Design thinking in banking determining success in today’s digital age
Design thinking and design is playing an influential role in determining the success of business in any industry (including banking) and according to Stephen Gates, the head of Citi Design, Citi Bank, “There is no greater Trojan horse to change an organization than design thinking.” This fact is also supported by the DVI (Design Value Index) which is a summary of the market performance of fifteen design-driven companies including SAP, Nike, IBM, and Apple.
The banking industry has experienced a period of disruption owing to technological advances and a shift to design thinking. Let’s talk about Citi Bank. The banking giant that has gone all-in to explore design thinking; with their efforts to make each customer interaction stronger.

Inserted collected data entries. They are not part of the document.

(* With the notation of the context, if $r=\min_h d_h=2$, then the asymptotic threshold satisfies $$G^*(\mathcal C,\boldsymbol\Lambda)\le\frac{k}{2\mathcal B_2},\qquad \mathcal B_2=\sum_{h:\,d_h=2}\Lambda_hB^{(h)}_2,$$ where $B^{(h)}_2$ is the number of weight-2 codewords of $\mathscr C_h$. In particular, for IRSA ($k=1$, $\mathscr C_h$ the length-$h$ repetition code) $G^*(\mathcal C,\boldsymbol\Lambda)\le 1/(2\Lambda_2)$.
   Context: For $h=1,\dots,\theta$, $\mathscr C_h$ is an $(n_h,k)$ binary linear code with minimum distance $d_h\ge2$ and no idle symbols, chosen with probability $\Lambda_h$; $\bar n=\sum_h\Lambda_hn_h$, $R=k/\bar n$. Un-normalized information function $\tilde e^{(h)}_g$: sum over all $g$-subsets of columns of a generator matrix of $\mathscr C_h$ of the rank of the corresponding submatrix ($\tilde e_0=0$). For $G\ge0$ define the recursion $p_\ell=1-\exp\{-\frac{G}{k}\sum_h\Lambda_h\sum_{t=0}^{n_h-1}p_{\ell-1}^t(1-p_{\ell-1})^{n_h-1-t}[(n_h-t)\tilde e^{(h)}_{n_h-t}-(t+1)\tilde e^{(h)}_{n_h-1-t}]\}$, $p_0=1-e^{-G/R}$. The asymptotic threshold is $G^*(\mathcal C,\boldsymbol\Lambda)=\sup\{G\ge0: p_\ell\to0\text{ as }\ell\to\infty\}$. *)

theory Defs
  imports Complex_Main
begin

text \<open>Binary linear codes are given by a generator matrix over GF(2), represented as a
  Boolean function g :: nat => nat => bool, where g i j is the entry in row i (i < k) and
  column j (j < n).  Addition in GF(2) is XOR, so a GF(2)-sum of bits is the parity of the
  number of ones.\<close>

definition gf2_sum :: "nat set \<Rightarrow> (nat \<Rightarrow> bool) \<Rightarrow> bool" where
  "gf2_sum S f = odd (card {i \<in> S. f i})"
section \<open>Majorants of adjoints\<close>

lemma dominated_decomposition_refine:
  fixes ks :: "('l::banach_lattice \<times> (nat \<Rightarrow> real)) list"
  assumes "\<forall>k\<in>set ks. 0 \<le> fst k \<and> (\<forall>n. \<bar>snd k n\<bar> \<le> 1)" "labs y \<le> (\<Sum>k\<leftarrow>ks. fst k)"
  shows "\<exists>ks'. (\<Sum>k\<leftarrow>ks'. fst k) = (\<Sum>k\<leftarrow>ks. fst k) \<and>
    (\<forall>k\<in>set ks'. 0 \<le> fst k \<and> (\<forall>n. \<bar>snd k n\<bar> \<le> 1)) \<and>
    (\<forall>n. n \<noteq> N \<longrightarrow> (\<Sum>k\<leftarrow>ks'. snd k n *\<^sub>R fst k) = (\<Sum>k\<leftarrow>ks. snd k n *\<^sub>R fst k)) \<and>
    (\<Sum>k\<leftarrow>ks'. snd k N *\<^sub>R fst k) = y"
  using assms
proof (induction ks arbitrary: y)
  case Nil
  then have "y = 0"
    by (simp add: labs_le_0_imp_zero)
  then show ?case
    by (intro exI[of _ "[]"]) simp
next
  case (Cons k ks)
  obtain w c where k: "k = (w, c)"
    by fastforce
  define S where "S = (\<Sum>k\<leftarrow>ks. fst k)"
  have "0 \<le> S"
    unfolding S_def using Cons.prems(1) by (intro sum_list_nonneg) auto
  have w: "0 \<le> w" "labs y \<le> w + S"
    using Cons.prems k unfolding S_def by auto
  obtain y1 y2 where y: "y = y1 + y2" "labs y1 \<le> w" "labs y2 \<le> S"
    using w(1) \<open>0 \<le> S\<close> w(2) by (rule riesz_decomposition)
  obtain ks'' where ks'':
    "(\<Sum>k\<leftarrow>ks''. fst k) = S" "\<forall>k\<in>set ks''. 0 \<le> fst k \<and> (\<forall>n. \<bar>snd k n\<bar> \<le> 1)"
    "\<forall>n. n \<noteq> N \<longrightarrow> (\<Sum>k\<leftarrow>ks''. snd k n *\<^sub>R fst k) = (\<Sum>k\<leftarrow>ks. snd k n *\<^sub>R fst k)"
    "(\<Sum>k\<leftarrow>ks''. snd k N *\<^sub>R fst k) = y2"
    using Cons.IH[of y2] Cons.prems(1) y(3) unfolding S_def by auto
  obtain a b where ab: "0 \<le> a" "0 \<le> b" "a + b = w" "a - b = y1"
    using y(2) by (rule labs_le_as_difference)
  have split: "d *\<^sub>R a + d *\<^sub>R b = d *\<^sub>R w" for d
    using ab(3) by (simp add: scaleR_add_right[symmetric])
  show ?case
  proof (rule exI[of _ "(a, c(N := 1)) # (b, c(N := -1)) # ks''"], intro conjI allI impI)
    fix n
    assume "n \<noteq> N"
    then show "(\<Sum>k\<leftarrow>(a, c(N := 1)) # (b, c(N := -1)) # ks''. snd k n *\<^sub>R fst k)
        = (\<Sum>k\<leftarrow>k # ks. snd k n *\<^sub>R fst k)"
      using ks''(3) split[of "c n"] k by (simp add: add.assoc[symmetric])
  next
    show "(\<Sum>k\<leftarrow>(a, c(N := 1)) # (b, c(N := -1)) # ks''. snd k N *\<^sub>R fst k) = y"
      using ks''(4) ab(4) y(1) by (simp add: algebra_simps)
  qed (use ks'' ab Cons.prems(1) k S_def in \<open>auto simp: add.assoc[symmetric]\<close>)
qed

Citi launched its FinTech unit in October 2015 to act like a startup inside a bank that is dedicated to mobile-first solutions for its banking customers. The bank even signed a deal with a design consultant, Ideo, to train Citi employees on design thinking. Design thinking permits everyone to participate and come into the process. The company considers this a massive transformation that has helped them move forward and creativity isn’t just a department anymore. From Citi’s mobile app to the introduction of new products and services; everything revolves around ensuring a smooth with customer experience.
Even the Deutsche Bank is utilizing design thinking to achieve customer proximity.

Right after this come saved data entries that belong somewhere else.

(* Work in the Poincaré ball model of $\mathbb{H}^3$ with the notation $S(x)$, $H(x)$, $P_{4,3}(a)$ below. Fix an integer $n>4$ and let $a=a_n>\sqrt2$ be the (unique) value for which the faces of $P_{4,3}(a)$ meet at dihedral angle $2\pi/n$. Consider $b$ with $b>\sqrt3$ and $b>a$, so that $P_{4,3}(b)$ is a finite cube lying inside $P_{4,3}(a)$. For a face $F$ of $P_{4,3}(b)$ (lying on $S(be_i)$ for some signed coordinate vector $e_i$), let $F'$ be the image of $F$ under the hyperbolic reflection (sphere inversion) in the corresponding face $S(ae_i)$ of $P_{4,3}(a)$. Then $F$ and $F'$ are the bottom and top of a prism over a square whose four lateral faces are hyperbolic rectangles. There is a unique value of $b$ (in the range $b>\max(a,\sqrt3)$) for which these lateral rectangles are squares.
   Context: For $x\in\mathbb{R}^3$ with $|x|>1$, $S(x)$ is the sphere centered at $x$ with radius $\sqrt{|x|^2-1}$; its intersection with the unit ball is a hyperbolic plane. $H(x)$ is the unbounded component of $\mathbb{R}^3\setminus S(x)$. For $a>1$, $P_{4,3}(a)$ is the intersection of the unit ball with $H(ax)$ for all $x\in\{(\pm1,0,0),(0,\pm1,0),(0,0,\pm1)\}$ (a generalized hyperbolic cube). For $a>\sqrt2$ adjacent faces meet at angle $\alpha$ with $\cos\alpha=1/(a^2-1)$. *)

theory Defs
  imports "HOL-Analysis.Analysis"
begin

type_synonym pt = "real^3"

definition coords :: "pt set" where
  "coords = {axis i 1 | i. True} \<union> {- axis i 1 | i. True}"

definition srad :: "pt \<Rightarrow> real" where
  "srad x = sqrt ((norm x)^2 - 1)"

definition S :: "pt \<Rightarrow> pt set" where
  "S x = sphere x (srad x)"

text \<open>H(x): the unbounded component of R^3 minus S(x)
  (library notion: union of the unbounded components of the complement).\<close>
definition H :: "pt \<Rightarrow> pt set" where
  "H x = outside (S x)"

definition P43 :: "real \<Rightarrow> pt set" where
  "P43 a = ball 0 1 \<inter> (\<Inter>e\<in>coords. H (a *\<^sub>R e))"

definition refl :: "pt \<Rightarrow> pt \<Rightarrow> pt" where
  "refl x y = x + ((srad x)^2 / (norm (y - x))^2) *\<^sub>R (y - x)"

definition hdist :: "pt \<Rightarrow> pt \<Rightarrow> real" where
  "hdist x y = arcosh (1 + 2 * (norm (x - y))^2 / ((1 - (norm x)^2) * (1 - (norm y)^2)))"

definition cube_vertex :: "real \<Rightarrow> pt \<Rightarrow> bool" where
  "cube_vertex b v \<longleftrightarrow> v \<in> closure (P43 b) \<and> v \<in> ball 0 1 \<and>
      card {e \<in> coords. v \<in> S (b *\<^sub>R e)} \<ge> 3"

definition lateral_faces_square :: "real \<Rightarrow> real \<Rightarrow> bool" where
  "lateral_faces_square a b \<longleftrightarrow>
     (\<forall>e\<in>coords. \<forall>v w.
        cube_vertex b v \<and> cube_vertex b w \<and> v \<noteq> w \<and>
        v \<in> S (b *\<^sub>R e) \<and> w \<in> S (b *\<^sub>R e) \<and>
        (\<exists>e'\<in>coords. e' \<noteq> e \<and> v \<in> S (b *\<^sub>R e') \<and> w \<in> S (b *\<^sub>R e')) \<longrightarrow>
        (let v' = refl (a *\<^sub>R e) v; w' = refl (a *\<^sub>R e) w in
           hdist v w = hdist w w' \<and> hdist w w' = hdist w' v' \<and>
           hdist w' v' = hdist v' v))"

end

theory Submission
  imports Defs
begin

(* The vertices of P_{4,3}(b) are the eight points (+-t, +-t, +-t), where t is the smaller root of
   3 t^2 - 2 b t + 1 = 0, and two vertices on a common edge are at Euclidean distance 2t.
   Inversion in S(c) is a hyperbolic isometry, so the top edges of the prism have the same length
   as the bottom ones, and the hyperbolic distance from y to its mirror image is
   arcosh (1 + 2 p^2 / ((|c|^2 - 1) (1 - |y|^2)^2)), where p = |y|^2 + 1 - 2 c.y is the power
   of y with respect to S(c).  For a vertex on the face S(b e) and c = a e one finds p = 2t (b - a),
   so the lateral edges equal the base edges exactly when (b - a)^2 = a^2 - 1,
   i.e. b = a + sqrt (a^2 - 1). *)

lemma outside_sphere_eq:
  fixes c :: "'a::{real_normed_vector, perfect_space}"
  assumes "0 < r"
  shows "outside (sphere c r) = - cball c r"
  using assms outside_frontier_eq_complement_closure[of "cball c r"] by simp

lemma srad_sq: "1 \<le> norm x \<Longrightarrow> (srad x)\<^sup>2 = (norm x)\<^sup>2 - 1"
  unfolding srad_def by simp

lemma norm_diff_sq: "(norm (x - c))\<^sup>2 = (norm x)\<^sup>2 - 2 * (c \<bullet> x) + (norm c)\<^sup>2"
  for x c :: "'a::real_inner"
  unfolding power2_norm_eq_inner by (simp add: inner_diff_left inner_diff_right inner_commute)

lemma mem_S_iff:
  assumes "1 < norm c"
  shows "x \<in> S c \<longleftrightarrow> (norm x)\<^sup>2 + 1 = 2 * (c \<bullet> x)"
proof -
  have "x \<in> S c \<longleftrightarrow> sqrt ((norm (x - c))\<^sup>2) = sqrt ((norm c)\<^sup>2 - 1)"
    by (simp add: S_def srad_def dist_norm norm_minus_commute)
  then show ?thesis
    unfolding real_sqrt_eq_iff norm_diff_sq by auto
qed

lemma mem_H_iff:
  assumes "1 < norm c"
  shows "x \<in> H c \<longleftrightarrow> 2 * (c \<bullet> x) < (norm x)\<^sup>2 + 1"
proof -
  have "0 < srad c"
    using assms by (simp add: srad_def)
  then have "x \<in> H c \<longleftrightarrow> sqrt ((norm c)\<^sup>2 - 1) < sqrt ((norm (x - c))\<^sup>2)"
    by (simp add: H_def S_def outside_sphere_eq srad_def dist_norm norm_minus_commute not_le)
  then show ?thesis
    unfolding real_sqrt_less_iff norm_diff_sq by auto
qed

lemma refl_eq:
  assumes "1 < norm c"
  shows "refl c y = c + (((norm c)\<^sup>2 - 1) / (norm (y - c))\<^sup>2) *\<^sub>R (y - c)"
  using assms by (simp add: refl_def srad_sq)

lemma one_minus_norm_refl:
  assumes "1 < norm c" "y \<noteq> c"
  shows "1 - (norm (refl c y))\<^sup>2 = ((norm c)\<^sup>2 - 1) / (norm (y - c))\<^sup>2 * (1 - (norm y)\<^sup>2)"
proof -
  define u where "u = y - c"
  define k where "k = ((norm c)\<^sup>2 - 1) / (norm u)\<^sup>2"
  have ku: "k * (norm u)\<^sup>2 = (norm c)\<^sup>2 - 1"
    using assms(2) by (simp add: k_def u_def)
  have "refl c y = c + k *\<^sub>R u"
    using assms(1) by (simp add: refl_eq k_def u_def)
  then have "(norm (refl c y))\<^sup>2 = (norm c)\<^sup>2 + 2 * k * (c \<bullet> u) + k * (k * (norm u)\<^sup>2)"
    unfolding power2_norm_eq_inner
    by (simp add: inner_add_left inner_add_right inner_commute algebra_simps power2_eq_square)
  moreover have "(norm y)\<^sup>2 = (norm c)\<^sup>2 + 2 * (c \<bullet> u) + (norm u)\<^sup>2"
    unfolding u_def power2_norm_eq_inner
    by (simp add: inner_diff_left inner_diff_right inner_commute)
  ultimately show ?thesis
    unfolding u_def[symmetric] k_def[symmetric] by (simp add: algebra_simps ku)
qed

How can Banks overcome challenges associated with Design Thinking:
1. Empathizing with customers and knowing that simply declaring ‘customer-centric’ is no longer enough
Understanding that customer is the core of banking. And, so is taking proper steps to ensure that you meet consumer needs. Design-driven efforts encourage reaching out to customers to find out the values that attract them to the offering. For instance, approaching customers in the local bank branch and asking about their banking experience. This means encouraging each stakeholder- from management to employees- to follow design thinking and become customer-centric.
2. Ensuring the presence of customers in everyday routine
Banks need to include their employees more into the ideation process and also take into consideration the feedback from customers to truly challenge the might of FinTech apps. By incorporating design thinking in banking, banks can come up with in-house apps that cater to the needs of the customers. Banking customers can provide their feedback and ideas so that improvements can be made accordingly.
3. Encouraging an environment of experimentation
Design-driven companies follow ideation and rapid prototyping to solve complex user problems. And, the same culture ought to be a part of banking. Since banks cater to a large customer base, they’re usually shy of experimenting as much as FinTech companies.
The benefits of design thinking are being touted by finance industry experts as a tool to address the several challenges that the industry faces. After all, design thinking has been called the “hottest new trend in banking” by the Financial Brand Magazine in 2018. There is a link between design thinking and the capability of adapting to changing consumer demands. And, if some banks are still not on board, they need to start.